lemma s_blowup_absorbed:
  fixes k \<delta> w s c :: real
  assumes "1 < k" "k < 2" "0 < \<delta>" "0 < w" "w \<le> 1" "0 < s"
    and "c \<le> \<delta>" "c \<le> (k/2)*(1 - 2 powr (k/2 - 1))" "c \<le> 2*\<delta>*k*2 powr (k/2 - 2)"
  shows "c * s powr (k/2 - 1)
    \<le> 2*\<delta> + 4*\<delta>*(1 - w)*k*((w\<^sup>2 + s) powr (k/2 - 2) * ((k - 1)*w\<^sup>2 + s)) - profile_t k w s"
proof -
  define P where "P = w\<^sup>2 + s"
  define S where "S = s powr (k/2 - 1)"
  define PQ where "PQ = P powr (k/2 - 2) * ((k - 1)*w\<^sup>2 + s)"
  have PQ: "0 \<le> 4*\<delta>*(1 - w)*k*PQ" using assms by (simp add: PQ_def)
  have Ft: "profile_t k w s \<le> 0" using assms(1,2,6) by (rule profile_t_nonpos)
  consider "s \<le> w\<^sup>2" | "w\<^sup>2 < s" "w \<le> 1/2" | "w\<^sup>2 < s" "1/2 < w" by linarith
  then have "c * S \<le> 2*\<delta> + 4*\<delta>*(1 - w)*k*PQ - profile_t k w s"
  proof cases
    case 1
    \<comment> \<open>Away from the lateral boundary in parabolic scale, the time derivative alone suffices.\<close>
    then have "P powr (k/2 - 1) \<le> (2 * s) powr (k/2 - 1)"
      using assms by (intro powr_mono2') (auto simp: P_def)
    also have "\<dots> = 2 powr (k/2 - 1) * S" by (simp add: S_def powr_mult)
    finally have "profile_t k w s \<le> - ((k/2)*(1 - 2 powr (k/2 - 1))) * S"
      unfolding profile_t_def using assms by (simp add: P_def S_def algebra_simps)
    also have "\<dots> \<le> - c * S" using assms by (intro mult_right_mono) (auto simp: S_def)
    finally show ?thesis using PQ assms by linarith
  next
    case 2
    then have "(2 * s) powr (k/2 - 2) \<le> P powr (k/2 - 2)"
      using assms by (intro powr_mono2') (auto simp: P_def add_pos_pos)
    then have "(2 * s) powr (k/2 - 2) * s \<le> PQ"
      unfolding PQ_def using assms by (intro mult_mono) auto
    moreover have "(2 * s) powr (k/2 - 2) * s = 2 powr (k/2 - 2) * S"
      using assms powr_add[of s "k/2 - 2" 1] by (simp add: S_def powr_mult)
    ultimately have pq: "2 powr (k/2 - 2) * S \<le> PQ" by simp
    have "c * S \<le> (2*\<delta>*k*2 powr (k/2 - 2)) * S"
      using assms by (intro mult_right_mono) (auto simp: S_def)
    also have "\<dots> = (2*\<delta>*k) * (2 powr (k/2 - 2) * S)" by simp
    also have "\<dots> \<le> (2*\<delta>*k) * PQ" using pq assms by (intro mult_left_mono) auto
    also have "\<dots> \<le> 4*\<delta>*(1 - w)*k*PQ"
      using 2 assms by (intro mult_right_mono) (auto simp: PQ_def P_def)
    finally show ?thesis using Ft assms by linarith
  next
    case 3
    then have "(1/2::real)\<^sup>2 < w\<^sup>2" by (intro power_strict_mono) auto
    then have "1/4 < s" using 3 by (simp add: power2_eq_square)
    then have "S \<le> (1/4) powr (k/2 - 1)" unfolding S_def using assms by (intro powr_mono2') auto
    also have "(1/4::real) powr (k/2 - 1) = 4 powr (1 - k/2)"
      by (simp add: powr_divide powr_minus_divide[symmetric])
    also have "\<dots> \<le> 4 powr (1/2)" using assms by (intro powr_mono) auto
    also have "(4::real) powr (1/2) = 2" by (simp add: powr_half_sqrt)
    finally have "c * S \<le> \<delta> * 2" using assms by (intro mult_mono) (auto simp: S_def)
    then show ?thesis using PQ Ft by linarith
  qed
  then show ?thesis by (simp add: S_def PQ_def P_def)
qed

lemma profile_operator_le:
  assumes "1 < k" "k < 2" "0 < \<delta>" "0 < w" "w \<le> 1" "0 < s" "\<delta> \<le> T" "\<delta> * (1 - w) \<le> X"
  shows "profile_t k w s - 2 * profile_w k (k + 1) w s * T + 4 * profile_ww k w s * X
    \<le> - barrier_rate k \<delta> * (w powr (k - 2) + s powr (k/2 - 1))"
proof -
  define c where "c = barrier_rate k \<delta>"
  define W where "W = w powr (k - 2)"
  define PQ where "PQ = (w\<^sup>2 + s) powr (k/2 - 2) * ((k - 1)*w\<^sup>2 + s)"
  have Fww: "profile_ww k w s = - k * PQ - k*(k - 1)*W"
    by (simp add: profile_ww_def PQ_def W_def)
  have "0 \<le> k * PQ" "0 \<le> k*(k - 1)*W" using assms by (simp_all add: PQ_def W_def)
  then have "profile_ww k w s \<le> 0" using Fww by linarith
  then have "4 * profile_ww k w s * X \<le> 4 * profile_ww k w s * (\<delta> * (1 - w))"
    using assms by (simp add: mult_left_mono_neg)
  also have "\<dots> = - 4*\<delta>*(1 - w)*k*PQ - 4*\<delta>*(1 - w)*k*(k - 1)*W"
    by (simp add: Fww algebra_simps)
  finally have ww: "4 * profile_ww k w s * X \<le> \<dots>" .
  have "2 \<le> profile_w k (k + 1) w s" using profile_w_ge[of k w s "k + 1"] assms by simp
  then have "2 * \<delta> \<le> profile_w k (k + 1) w s * T"
    using assms mult_mono[of 2 "profile_w k (k + 1) w s" \<delta> T] by (simp add: mult.commute)
  moreover have "c * W \<le> 2*\<delta> + 4*\<delta>*(1 - w)*k*(k - 1) * W"
    unfolding W_def c_def using assms by (intro w_blowup_absorbed) (auto simp: barrier_rate_def)
  moreover have "c * s powr (k/2 - 1) \<le> 2*\<delta> + 4*\<delta>*(1 - w)*k*PQ - profile_t k w s"
    unfolding PQ_def c_def using assms by (intro s_blowup_absorbed) (auto simp: barrier_rate_def)
  ultimately show ?thesis using ww by (simp add: c_def W_def algebra_simps)
qed

lemma parabolic_dist_powr_le:
  fixes r s k :: real
  assumes "1 < k" "k < 2" "0 \<le> r" "r < 1" "0 < s"
  shows "(min (1 - r) (sqrt s)) powr (k - 2) \<le> 2 * ((1 - r\<^sup>2) powr (k - 2) + s powr (k/2 - 1))"
proof (cases "1 - r \<le> sqrt s")
  case True
  have "1 - r\<^sup>2 = (1 - r) * (1 + r)" by (simp add: algebra_simps power2_eq_square)
  then have w: "0 < 1 - r\<^sup>2" "1 - r\<^sup>2 \<le> 2 * (1 - r)"
    using assms mult_left_mono[of "1 + r" 2 "1 - r"] by (auto simp: mult.commute)
  have "(1 - r) powr (k - 2) \<le> ((1 - r\<^sup>2) / 2) powr (k - 2)"
    using w assms by (intro powr_mono2') auto
  also have "\<dots> = (1 - r\<^sup>2) powr (k - 2) * (1 / 2 powr (k - 2))"
    using w by (simp add: powr_divide)
  also have "1 / 2 powr (k - 2) = (2::real) powr (2 - k)"
    using powr_minus_divide[of 2 "k - 2"] by simp
  also have "(1 - r\<^sup>2) powr (k - 2) * 2 powr (2 - k) \<le> (1 - r\<^sup>2) powr (k - 2) * 2 powr 1"
    using assms by (intro mult_left_mono powr_mono) auto
  finally have "(1 - r) powr (k - 2) \<le> 2 * (1 - r\<^sup>2) powr (k - 2)" by simp
  then show ?thesis using True by (simp add: min_absorb1 add_increasing2)
next
  case False
  have "sqrt s powr (k - 2) = (s powr (1/2)) powr (k - 2)" using assms by (simp add: powr_half_sqrt)
  also have "\<dots> = s powr (k/2 - 1)" by (simp add: powr_powr diff_divide_distrib)
  finally show ?thesis using False by simp
qed

definition id_plus_outer :: "real \<Rightarrow> real \<Rightarrow> real^'n \<Rightarrow> real^'n^'n" where
  "id_plus_outer \<alpha> \<beta> x = (\<chi> i j. \<alpha> * of_bool (i = j) + \<beta> * x $ i * x $ j)"

lemma id_plus_outer_mult_vec:
  "id_plus_outer \<alpha> \<beta> x *v h = \<alpha> *\<^sub>R h + (\<beta> * (x \<bullet> h)) *\<^sub>R x"
  by (simp add: vec_eq_iff id_plus_outer_def matrix_vector_mult_def inner_vec_def
      distrib_left sum.distrib sum_distrib_left mult_ac of_bool_def if_distrib[of "times _"] cong: if_cong)

lemma sum_entries_mult_id_plus_outer:
  fixes a :: "real^'n^'n"
  shows "(\<Sum>i\<in>UNIV. \<Sum>j\<in>UNIV. a $ i $ j * id_plus_outer \<alpha> \<beta> x $ i $ j)
     = \<alpha> * trace a + \<beta> * (x \<bullet> (a *v x))"
  by (simp add: id_plus_outer_def trace_def inner_vec_def matrix_vector_mult_def
      distrib_left sum.distrib sum_distrib_left mult_ac of_bool_def if_distrib[of "times _"] cong: if_cong)

lemma Sdelta_trace_ge:
  fixes a :: "real^'n^'n"
  assumes "a \<in> Sdelta \<delta>"
  shows "\<delta> * CARD('n) \<le> trace a"
proof -
  have "\<delta> \<le> a $ i $ i" for i
  proof -
    have "\<delta> * (norm (axis i (1::real)))\<^sup>2 \<le> axis i 1 \<bullet> (a *v axis i 1)"
      using assms unfolding Sdelta_def by blast
    then show ?thesis by (simp add: inner_axis' matrix_vector_mult_basis column_def)
  qed
  then have "(\<Sum>i\<in>(UNIV::'n set). \<delta>) \<le> trace a" unfolding trace_def by (intro sum_mono) auto
  then show ?thesis by (simp add: mult.commute)
qed

lemma Sdelta_quadratic_ge:
  fixes a :: "real^'n^'n"
  assumes "a \<in> Sdelta \<delta>"
  shows "\<delta> * (x \<bullet> x) \<le> x \<bullet> (a *v x)"
  using assms unfolding Sdelta_def by (auto simp: power2_norm_eq_inner)

definition barrier :: "real \<Rightarrow> real \<Rightarrow> real \<Rightarrow> real^'n \<Rightarrow> real" where
  "barrier k K t x = K * profile k (k + 1) (1 - x \<bullet> x) (1 - t)"

definition barrier_t :: "real \<Rightarrow> real \<Rightarrow> real \<Rightarrow> real^'n \<Rightarrow> real" where
  "barrier_t k K t x = K * profile_t k (1 - x \<bullet> x) (1 - t)"

definition barrier_grad :: "real \<Rightarrow> real \<Rightarrow> real \<Rightarrow> real^'n \<Rightarrow> real^'n" where
  "barrier_grad k K t x = (-2 * K * profile_w k (k + 1) (1 - x \<bullet> x) (1 - t)) *\<^sub>R x"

◆ ◆ ◆ ◆ ◆ ◆ ◆

-- Task requirements --
Please give an exact copy of the lines above, beginning with the line containing "define P where" and running through the line containing "(k/2 - 1) \<le> (2", and of no other lines.

-- Response --
  define P where "P = w\<^sup>2 + s"
  define S where "S = s powr (k/2 - 1)"
  define PQ where "PQ = P powr (k/2 - 2) * ((k - 1)*w\<^sup>2 + s)"
  have PQ: "0 \<le> 4*\<delta>*(1 - w)*k*PQ" using assms by (simp add: PQ_def)
  have Ft: "profile_t k w s \<le> 0" using assms(1,2,6) by (rule profile_t_nonpos)
  consider "s \<le> w\<^sup>2" | "w\<^sup>2 < s" "w \<le> 1/2" | "w\<^sup>2 < s" "1/2 < w" by linarith
  then have "c * S \<le> 2*\<delta> + 4*\<delta>*(1 - w)*k*PQ - profile_t k w s"
  proof cases
    case 1
    \<comment> \<open>Away from the lateral boundary in parabolic scale, the time derivative alone suffices.\<close>
    then have "P powr (k/2 - 1) \<le> (2 * s) powr (k/2 - 1)"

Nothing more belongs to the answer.